Он осторожно спросил ее о том, что занимало его больше всего:

— Не понимаю, что же тогда заставило тебя стать пираткой?

Сторм обхватила колени руками. Она долго молчала, словно обдумывая, стоит ли отвечать, и вдруг подумала о том, что, по сути, за все эти годы никто ни разу не задавал ей этот вопрос. Не удивительно ли будет, если теперь она ответит на него этому странному человеку? И, тем не менее, если она на него ответит, это будет совершенно естественно…

— Мой отец был капитаном королевского флота. Когда он вышел в отставку, то почему-то вбил себе в голову подарить моей матери дом, который купит для нее в Сент-Томасе и где они проживут всю оставшуюся жизнь в мире и спокойствии. Мать была уже на сносях, но, тем не менее, и слышать не желала о том, чтобы отложить путешествие, — она хотела непременно родить меня в своем новом доме. Однако путешествие заняло больше времени, чем предполагалось; к тому же мать была старовата для того, чтобы рожать, да вдобавок еще заболела. На Багамах их задержала буря. Там я и родилась, а мать умерла от родов…

Сторм рассказывала все это спокойно, даже равнодушно, ибо не очень жалела о матери, которую совсем не знала.

— Отец чуть не умер от горя, — продолжала она, — и с тех пор даже слышать не хотел о доме в Сент-Томасе. Говорили, что тогда он немного повредился головой, поэтому не отпускал меня от себя ни на секунду.
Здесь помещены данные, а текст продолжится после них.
(* Let $r\ge0$ be an integer and let $(W,g)$ be a cubic space of dimension at most $\aleph_0$ with $\mathrm{rrk}(W)\le r$. Then $W$ embeds into the cubic space $V(r)$.
   Context: $k$ is algebraically closed of characteristic different from $2,3$. For $V$ with basis $\{v_i\}_{i\in I}$, the dual functionals $x_i$ are called coordinates; $P_n(V)$ is the space of formal, possibly infinite, $k$-linear combinations of degree-$n$ monomials in the $x_i$. A cubic space is $(V,f)$ with $f\in P_3(V)$; an embedding $(W,g)\to(V,f)$ is a $k$-linear map $\phi:W\to V$ with $f\circ\phi=g$. The strength of a homogeneous $h\in P_n(V)$, $n\ge1$, is the least $s$ with $h=\sum_{i=1}^s a_ib_i$, $a_i,b_i$ homogeneous of positive degree less than $n$ ($\infty$ if none). $\overline{P}_2(V)$ is $P_2(V)$ modulo the subspace of finite-strength quadratic forms; the residual rank $\mathrm{rrk}(f)\in\mathbf{N}\cup\{\infty\}$ is the dimension of the span in $\overline{P}_2(V)$ of the images of the formal partial derivatives $\partial f/\partial x_i$, and $\mathrm{rrk}(V,f)=\mathrm{rrk}(f)$. The cubic space $V(r)$ has coordinates $\{x_i\}_{1\le i\le r}\cup\{y_{i,j}\}_{1\le i\le r,\,j\ge1}\cup\{z_i\}_{i\ge1}$ and form $f_r=3\sum_{i=1}^rx_iq_i+\sum_{i\ge1}z_i^3$, where $q_i=\sum_{j\ge1}y_{i,j}^2$. *)

theory Defs
  imports Main "HOL-Library.Multiset" "HOL-Library.Extended_Nat"
    "HOL-Computational_Algebra.Polynomial"
begin

text \<open>Formal (possibly infinite) power series in coordinates indexed by 'i:
  a monomial is a finite multiset of indices, a formal series is its coefficient
  function.\<close>

type_synonym ('i, 'k) fseries = "'i multiset \<Rightarrow> 'k"

definition homogeneous :: "nat \<Rightarrow> ('i, 'k::zero) fseries \<Rightarrow> bool" where
  "homogeneous n f \<longleftrightarrow> (\<forall>M. size M \<noteq> n \<longrightarrow> f M = 0)"

definition fmul :: "('i, 'k::comm_ring_1) fseries \<Rightarrow> ('i, 'k) fseries \<Rightarrow> ('i, 'k) fseries" where
  "fmul a b = (\<lambda>M. \<Sum>P\<in>{P. P \<subseteq># M}. a P * b (M - P))"

definition strength :: "nat \<Rightarrow> ('i, 'k::comm_ring_1) fseries \<Rightarrow> enat" where
  "strength n h = (INF s \<in> {s. \<exists>a b. (\<forall>t<s. \<exists>d e. 0 < d \<and> d < n \<and> 0 < e \<and> e < n \<and>
        homogeneous d (a t) \<and> homogeneous e (b t)) \<and>
        h = (\<lambda>M. \<Sum>t<s. fmul (a t) (b t) M)}. enat s)"

definition fin_strength_quadric :: "('i, 'k::comm_ring_1) fseries \<Rightarrow> bool" where
  "fin_strength_quadric q \<longleftrightarrow> homogeneous 2 q \<and> strength 2 q < \<infinity>"

definition fderiv :: "'i \<Rightarrow> ('i, 'k::comm_ring_1) fseries \<Rightarrow> ('i, 'k) fseries" where
  "fderiv i f = (\<lambda>M. of_nat (count M i + 1) * f (add_mset i M))"

text \<open>Residual rank of a form whose coordinates are indexed by I: the dimension of
  the span of the classes of the partial derivatives in P_2 modulo finite-strength
  quadrics, i.e. the supremum of the sizes of finite families of partial
  derivatives that are linearly independent modulo finite-strength quadrics.\<close>
definition rrk :: "'i set \<Rightarrow> ('i, 'k::field) fseries \<Rightarrow> enat" where
  "rrk I f = (SUP S \<in> {S. finite S \<and> S \<subseteq> I \<and>
       (\<forall>c. fin_strength_quadric (\<lambda>M. \<Sum>i\<in>S. c i * fderiv i f M) \<longrightarrow> (\<forall>i\<in>S. c i = 0))}.
     enat (card S))"

text \<open>The vector space with basis indexed by A: finitely supported coordinate vectors.\<close>
definition fin_vecs :: "'i set \<Rightarrow> ('i \<Rightarrow> 'k::zero) set" where
  "fin_vecs A = {v. finite {i. v i \<noteq> 0} \<and> (\<forall>i. i \<notin> A \<longrightarrow> v i = 0)}"

definition eval_form :: "nat \<Rightarrow> ('i, 'k::comm_ring_1) fseries \<Rightarrow> ('i \<Rightarrow> 'k) \<Rightarrow> 'k" where
  "eval_form n f v = (\<Sum>M\<in>{M. size M = n \<and> set_mset M \<subseteq> {i. v i \<noteq> 0}}.
       f M * (\<Prod>i\<in>#M. v i))"

definition cubic_form :: "'i set \<Rightarrow> ('i, 'k::zero) fseries \<Rightarrow> bool" where
  "cubic_form I f \<longleftrightarrow> homogeneous 3 f \<and> (\<forall>M. f M \<noteq> 0 \<longrightarrow> set_mset M \<subseteq> I)"

definition cubic_embedding ::
  "'j set \<Rightarrow> ('j, 'k::comm_ring_1) fseries \<Rightarrow> 'i set \<Rightarrow> ('i, 'k) fseries \<Rightarrow>
   (('j \<Rightarrow> 'k) \<Rightarrow> ('i \<Rightarrow> 'k)) \<Rightarrow> bool" where
  "cubic_embedding J g I f \<phi> \<longleftrightarrow>
     (\<forall>w\<in>fin_vecs J. \<phi> w \<in> fin_vecs I) \<and>
     (\<forall>v\<in>fin_vecs J. \<forall>w\<in>fin_vecs J. \<phi> (\<lambda>j. v j + w j) = (\<lambda>i. \<phi> v i + \<phi> w i)) \<and>
     (\<forall>c. \<forall>w\<in>fin_vecs J. \<phi> (\<lambda>j. c * w j) = (\<lambda>i. c * \<phi> w i)) \<and>
     (\<forall>w\<in>fin_vecs J. eval_form 3 f (\<phi> w) = eval_form 3 g w)"

text \<open>The cubic space V(r) (indices 0-based: x_i, y_{i,j} for i < r, j any; z_i any).\<close>
datatype vr_idx = Xc nat | Yc nat nat | Zc nat

definition vr_coords :: "nat \<Rightarrow> vr_idx set" where
  "vr_coords r = {Xc i | i. i < r} \<union> {Yc i j | i j. i < r} \<union> range Zc"

text \<open>f_r = 3 sum_i x_i q_i + sum_i z_i^3 with q_i = sum_j y_{i,j}^2, by coefficients.\<close>
definition f_r :: "nat \<Rightarrow> (vr_idx, 'k::comm_ring_1) fseries" where
  "f_r r M = (if \<exists>i j. i < r \<and> M = {#Xc i, Yc i j, Yc i j#} then 3
              else if \<exists>i. M = {#Zc i, Zc i, Zc i#} then 1 else 0)"

end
Он нанял для меня кормилицу-гаитянку, а когда меня отлучили от груди, снова стал ходить в море, возить туда-сюда разный товар — ну, ты понимаешь… Меня он всегда брал с собой и даже привязывал к мачте, чтобы я не свалилась за борт. Я научилась взбираться на мачту еще раньше, чем ходить, и стояла за штурвалом с тех пор, как могла до него дотянуться.

Саймон вдруг живо представил себе ребенка, привязанного к мачте, словно обезьянка, и невольно передернулся. Он постарался скрыть это от Сторм, но она, казалось, читала его мысли:

— Потом, правда, папа пришел в себя и оставил меня на берегу с нянькой-англичанкой. Но я заболела без моря, и он снова вынужден был взять меня на корабль.

А затем началась война. Папа опять стал служить королю. Некий лорд Темпльтон обещал ему свое покровительство, снабдил рекомендательными письмами. Да, были времена! Мы с отцом сражались плечом к плечу, заставляя трепетать все побережье, входили в такие заливы, куда другие корабли не отважились бы…

Огоньки, горевшие в ее глазах, вдруг погасли, голос стал почти неслышным:

— Когда война кончилась, папу арестовали — за пиратство. Трибунал приехал прямо на острова — английские солдаты в своих дурацких мундирах и начищенных сапогах…

Саймон вдруг почувствовал, как у него защемило в горле. Он уже догадывался, чем должна была закончиться история Сторм.

Лорд Темпльтон поклялся на Библии, что никогда не знал папу, а его рекомендательные письма каким-то образом исчезли из папиного сундука… Они повесили папу на рассвете и сразу же отплыли обратно в Англию…

У Саймона все кипело внутри. Он понимал горе Сторм — и не мог ее ни за что осуждать…

— И вот теперь, — медленно произнес он, — тебе ничего не остается, как мстить. Такова наша хваленая британская законность…

Сторм немного удивленно посмотрела на него:

— Я делаю то, чему британцы сами научили меня. Только теперь я делаю это лучше них!

— И никто так и не выступил против этого Темпльтона? Неужели не было никого, кто знал правду?

Сторм сухо рассмеялась.

— Что хуже всего, старый идиот умер на обратном пути в Англию, а я лишилась удовольствия убить его собственными руками! — Плечи ее напряглись. — Мне с моей командой удалось выкрасть «Грозу», и с тех пор я била, бью и буду бить всех этих толстозадых британцев, а заодно имею с этого неплохой доход! — Она сверкнула глазами. — Если ты мне дашь амнистию, я брошу ее тебе в лицо! Мне не нужно прощения за то, чем я всю жизнь гордилась!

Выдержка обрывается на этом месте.